Another reason for the passive view of the believer’s authority of binding and loosing during the time of the Reformation was the amillenial interpretation of the binding of Satan in Revelation 20. Amillennialists believe this Scripture means that Satan, the strong man, was bound by Christ’s life and death, and consequently, is bound in this present age. So while there may be some limited satanic activity, there is no great need for the exercise of binding and loosing since according to that theology he has already been bound.
A third factor was that seventeenth-century scholarship, such as John Lightfoot and others, began to interpret binding and loosing in the later rabbinic terms as forbidding and allowing, further watering down the supernatural dimension of the doctrine. It was not until late in the nineteenth century that scholars began to acknowledge the parallels with supernatural binding and loosing in Jewish and pagan literature.

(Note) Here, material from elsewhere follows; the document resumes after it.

(* Let $G$ be a strongly connected digraph with $N>2$ nodes in which all nodes run the Privacy-Preserving Push-Sum Algorithm described in the context. Let $\mathcal A\subset\mathcal V$ be a set of honest-but-curious nodes and $i\notin\mathcal A$. If $N_i^{out}\cup N_i^{in}\subseteq\mathcal A$, then the initial value $x_i(0)$ can be uniquely inferred by $\mathcal A$ in an asymptotic sense: there exist quantities $\hat x_i(k)$, each computable from the information sequence $\mathcal I_{\mathcal A}(0:k)$, such that $\hat x_i(k)\to x_i(0)$ as $k\to\infty$ with probability one.
   Context: Digraph conventions: $\mathcal V=\{1,\dots,N\}$, no self-loops; $(j,i)\in\mathcal E$ means node $i$ can send messages to node $j$. $N_i^{in}=\{j:(i,j)\in\mathcal E\}$, $N_i^{out}=\{j:(j,i)\in\mathcal E\}$. Strongly connected: a directed path exists from any node to any other node. Privacy-Preserving Push-Sum Algorithm (each node $i$ has a private real initial state $x_i(0)$; $M>0$ is a fixed constant). Initialization: node $i$ draws $x^\alpha_{i,1}(0)\sim U(-M,M)$ and sets $x^\beta_{i,1}(0)=2x_i(0)-x^\alpha_{i,1}(0)$, $x^\alpha_{i,2}(0)=0$, $x^\beta_{i,2}(0)=2$. Weights: at $k=0$, node $i$ draws the numbers $\{p_{ji}(0):j\in N_i^{out}\cup\{i\}\}$ and $\alpha_i(0)$ independently from $\mathcal N(0,M)$ and normalizes them so that $\sum_{j=1}^N p_{ji}(0)+\alpha_i(0)=1$; at each $k\ge1$, node $i$ draws $\{p_{ji}(k):j\in N_i^{out}\cup\{i\}\}$ and $\alpha_i(k)$ independently from $U(0,1)$ and normalizes them so that $\sum_{j=1}^N p_{ji}(k)+\alpha_i(k)=1$; in all cases $p_{ji}(k)=0$ if $j\notin N_i^{out}\cup\{i\}$. State update, for $k\ge0$, $l=1,2$: node $i$ sends $p_{ji}(k)x^\alpha_{i,l}(k)$ to each $j\in N_i^{out}$ and updates $$x^\alpha_{i,l}(k+1)=\sum_{j\in N_i^{in}\cup\{i\}}p_{ij}(k)x^\alpha_{j,l}(k)+x^\beta_{i,l}(k),\qquad x^\beta_{i,l}(k+1)=\alpha_i(k)x^\alpha_{i,l}(k).$$ Node $i$'s estimated average is $\hat x^{ave}_i(k+1)=x^\alpha_{i,1}(k+1)/x^\alpha_{i,2}(k+1)$. The substate $x^\beta_{i,l}$ is never transmitted. Honest-but-curious nodes: nodes that follow the protocol (and know it), try to infer other nodes' private initial values from the data they receive, and may pool their data. For a set $\mathcal A$ of such nodes, the information available at time $k$ is $\mathcal I_{\mathcal A}(k)=\{\mathcal I_a(k):a\in\mathcal A\}$ with $$\mathcal I_a(k)=\{x^\alpha_{a,l}(k),x^\beta_{a,l}(k),p_{ja}(k),p_{ap}(k)x^\alpha_{p,l}(k): p\in N_a^{in},\ j\in\mathcal V,\ l=1,2\},$$ and $\mathcal I_{\mathcal A}(0:\kappa)=\bigcup_{0\le k\le\kappa}\mathcal I_{\mathcal A}(k)$. *)

theory Defs
  imports "HOL-Probability.Probability"
begin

Restoration of the Authority of Binding and Loosing
The foundation for this recovery was laid in the seventeenth and eighteenth centuries. Notably, Jacob Spener and the German Lutheran Pietist movement emphasized the recovery of the priesthood of the believer.The seventeenth century German mystic who impacted the Wesleys and Whitefield showed insight into the authority of the believer when he declared that we can take command over the unruly forces of our nature and “bind up our natural inclinations.” The Wesleyan Revival, influenced also by Pietism, and its descendants the Moravians, continued to bring about a greater awareness of the authority of the believer as Wesley himself engaged in exorcisms upon occasion when evil spirits manifested themselves.
PAUL L KING
(The rest of this well-researched document may be seen at http://awf.world/consult/the-restoration-of-the-doctrine-of-binding-and-loosing/ It is worth reading in full. It has a detailed bibliography. The present day Charismatic Movement and the earlier Pentecostal Movement have corrupted this doctrine. We need to understand that unless we are living holy lives, obedient to God’s will and submissive to the Holy Spirit, we cannot overcome Satan and his wicked devices. Yes, the believer can bind the strong man (Satan, his evil forces), but he himself must be ‘walking worthy of the Lord’ and ‘humbling himself under the mighty hand of God’. Furthermore, the New Testament church (i.e two or three gathered in His name’, Matt 18.18,19) has this authority. Denominationalism and individualism are strongly decried. The Pentecostals and Charismatics have made ‘binding and loosing’ (and ‘exorcism’) a kind of ‘technique’ (indulging in ‘showmanship’ and sensationalism); as a result the believer’s authority over Satan is lost (read Rom 16.20, Luke 10.19, etc). The Charismatic church and the denominational churches, having abandoned sound doctrine and complete reliance on the Bible, the Word of God, has been invaded by evil spirits. Less said about the apostate Roman Catholic church the better.